10.30-10.40am CEST | 6.00-6.40pm AEST
Discussion
10.40-11.00am CEST | 6.40-7.00pm AEST
Comments and Outlook
Anna-Sophie Jürgens is an Assistant Professor at the Australian National Centre for the Public Awareness of Science of the Australian National University (ANU). She was an Alexander von Humboldt Fellow at the ANU and the Free University of Berlin, Germany from 2017 to 2020. She has published on circus fiction and aesthetics, the history of violent clowns, comic mad scientists, the Joker and comic performance and technology in culture ascross numerous academic journals.

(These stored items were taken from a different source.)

lemma bij_betw_pick_perm:
  assumes "finite J" "card J = k" "\<pi> permutes {0..<k}"
  shows "bij_betw (pick_perm k J \<pi>) {0..<k} J"
proof -
  have "bij_betw (pick J \<circ> \<pi>) {0..<k} J"
    using bij_betw_trans[OF permutes_imp_bij[OF assms(3)]] bij_betw_pick[OF assms(1)] assms(2)
    by simp
  then show ?thesis
    by (rule bij_betw_cong[THEN iffD1, rotated]) (simp add: pick_perm_def)
qed

lemma sum_bij_betw_eq_sum_permutes:
  fixes G :: "(nat \<Rightarrow> nat) \<Rightarrow> 'a::comm_monoid_add"
  assumes "finite J" "card J = k"
  shows "(\<Sum>f | f \<in> extensional {0..<k} \<and> bij_betw f {0..<k} J. G f) =
    (\<Sum>\<pi> | \<pi> permutes {0..<k}. G (pick_perm k J \<pi>))"
proof -
  let ?B = "{f. f \<in> extensional {0..<k} \<and> bij_betw f {0..<k} J}"
  have pick: "bij_betw (pick J) {0..<k} J" using bij_betw_pick assms by blast
  define rank where "rank = inv_into {0..<k} (pick J)"
  define perm_of where "perm_of f i = (if i < k then rank (f i) else i)" for f i
  have perm_of_pick_perm: "perm_of (pick_perm k J \<pi>) = \<pi>" if \<pi>: "\<pi> permutes {0..<k}" for \<pi>
  proof
    fix i
    show "perm_of (pick_perm k J \<pi>) i = \<pi> i"
      using bij_betw_inv_into_left[OF pick, of "\<pi> i"] permutes_in_image[OF \<pi>, of i]
        permutes_not_in[OF \<pi>, of i]
      by (simp add: perm_of_def pick_perm_def rank_def)
  qed
  have pick_perm_perm_of: "pick_perm k J (perm_of f) = f" if f: "f \<in> ?B" for f
  proof
    fix i
    show "pick_perm k J (perm_of f) i = f i"
      using f bij_betw_inv_into_right[OF pick, of "f i"] bij_betwE[of f "{0..<k}" J]
      by (simp add: perm_of_def pick_perm_def rank_def extensional_def)
  qed
  have "pick_perm k J \<pi> \<in> ?B" if "\<pi> permutes {0..<k}" for \<pi>
    using bij_betw_pick_perm[OF assms that] by (simp add: pick_perm_def)
  moreover have "perm_of f permutes {0..<k}" if f: "f \<in> ?B" for f
  proof (rule bij_imp_permutes)
    have "bij_betw (rank \<circ> f) {0..<k} {0..<k}"
      using f bij_betw_trans bij_betw_inv_into[OF pick] unfolding rank_def by blast
    then show "bij_betw (perm_of f) {0..<k} {0..<k}"
      by (rule bij_betw_cong[THEN iffD1, rotated]) (simp add: perm_of_def)
  qed (simp add: perm_of_def)
  ultimately show ?thesis
    by (intro sum.reindex_bij_witness[where i = "pick_perm k J" and j = perm_of])
      (auto simp: perm_of_pick_perm pick_perm_perm_of)
qed

lemma sum_inj_on_PiE_eq_sum_subsets_permutes:
  fixes G :: "(nat \<Rightarrow> nat) \<Rightarrow> 'a::comm_monoid_add"
  shows "(\<Sum>f | f \<in> Pi\<^sub>E {0..<k} (\<lambda>_. {0..<n}) \<and> inj_on f {0..<k}. G f) =
    (\<Sum>J | J \<subseteq> {0..<n} \<and> card J = k. \<Sum>\<pi> | \<pi> permutes {0..<k}. G (pick_perm k J \<pi>))"
proof -
  let ?F = "{f \<in> Pi\<^sub>E {0..<k} (\<lambda>_. {0..<n}). inj_on f {0..<k}}"
  let ?S = "{J. J \<subseteq> {0..<n} \<and> card J = k}"
  have "(\<Sum>f\<in>?F. G f) = (\<Sum>J\<in>?S. \<Sum>f | f \<in> ?F \<and> f ` {0..<k} = J. G f)"
  proof (rule sum.group[symmetric])
    show "finite ?F" by (simp add: finite_PiE)
    show "finite ?S" by (rule finite_subset[of _ "Pow {0..<n}"]) auto
    show "(\<lambda>f. f ` {0..<k}) ` ?F \<subseteq> ?S" by (auto simp: card_image)
  qed
  also have "\<dots> = (\<Sum>J\<in>?S. \<Sum>f | f \<in> extensional {0..<k} \<and> bij_betw f {0..<k} J. G f)"
  proof (rule sum.cong[OF refl])
    fix J assume "J \<in> ?S"
    then have "{f. f \<in> ?F \<and> f ` {0..<k} = J} =
        {f. f \<in> extensional {0..<k} \<and> bij_betw f {0..<k} J}"
      by (auto simp: bij_betw_def PiE_def)
    then show "(\<Sum>f | f \<in> ?F \<and> f ` {0..<k} = J. G f) =
        (\<Sum>f | f \<in> extensional {0..<k} \<and> bij_betw f {0..<k} J. G f)"
      by simp
  qed
  also have "\<dots> = (\<Sum>J\<in>?S. \<Sum>\<pi> | \<pi> permutes {0..<k}. G (pick_perm k J \<pi>))"
    by (intro sum.cong refl sum_bij_betw_eq_sum_permutes) (auto intro: finite_subset)
  finally show ?thesis .
qed

lemma submatrix_eq_mat_pick:
  assumes "A \<in> carrier_mat m n" "I \<subseteq> {0..<m}" "J \<subseteq> {0..<n}"
  shows "submatrix A I J = mat (card I) (card J) (\<lambda>(i, j). A $$ (pick I i, pick J j))"
proof -
  have "{i. i < dim_row A \<and> i \<in> I} = I" "{j. j < dim_col A \<and> j \<in> J} = J"
    using assms by auto
  then show ?thesis by (simp add: submatrix_def)
qed

definition rows_at :: "nat \<Rightarrow> (nat \<Rightarrow> nat) \<Rightarrow> 'a mat \<Rightarrow> 'a mat" where
  "rows_at k f B = mat k k (\<lambda>(i, j). B $$ (f i, j))"

lemma det_rows_at_not_inj:
  assumes "\<not> inj_on f {0..<k}"
  shows "det (rows_at k f B) = 0"
proof -
  from assms obtain i j where "i < k" "j < k" "i \<noteq> j" "f i = f j"
    unfolding inj_on_def by auto
  then show ?thesis
    by (intro det_identical_rows[of _ k i j]) (auto simp: rows_at_def intro!: eq_vecI)
qed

Anna-Sophie is guest editor of two special, themed journal issues published in 2020 with the Journal of Science & Popular Culture (on popular performance and science) and Comedy Studies (on violent clowns). Her recent books include Circus, Science and Technology: Dramatising Innovation (editor; Palgrave Macmillan 2020) and Manegenkünste: Zirkus als ästhetisches Modell (coeditor; transcript 2020).
Anne Hemkendreis works as an academic researcher at the transdisciplinary research group 948 on “Heroes, Heroizations, Heroism” at the University of Freiburg (Germany). Her current research interest lies in the depiction and meaning of snow in Arts from the 19th century until today. Prior to this, she gained her PhD with a thesis on the visualisation of privateness in Vilhelm Hammershøi’s interior paintings (Fink Verlag, 2015). She also worked as a postdoc-fellow and research assistant at the Alfried Krupp Wissenschaftskolleg of Greifswald, the Klassik Stiftung of Weimar and the Leuphana University of Lüneburg (all in Germany). Anne is also regularly a passionate Lecturer at different institutions, including the University of Arts in Berlin.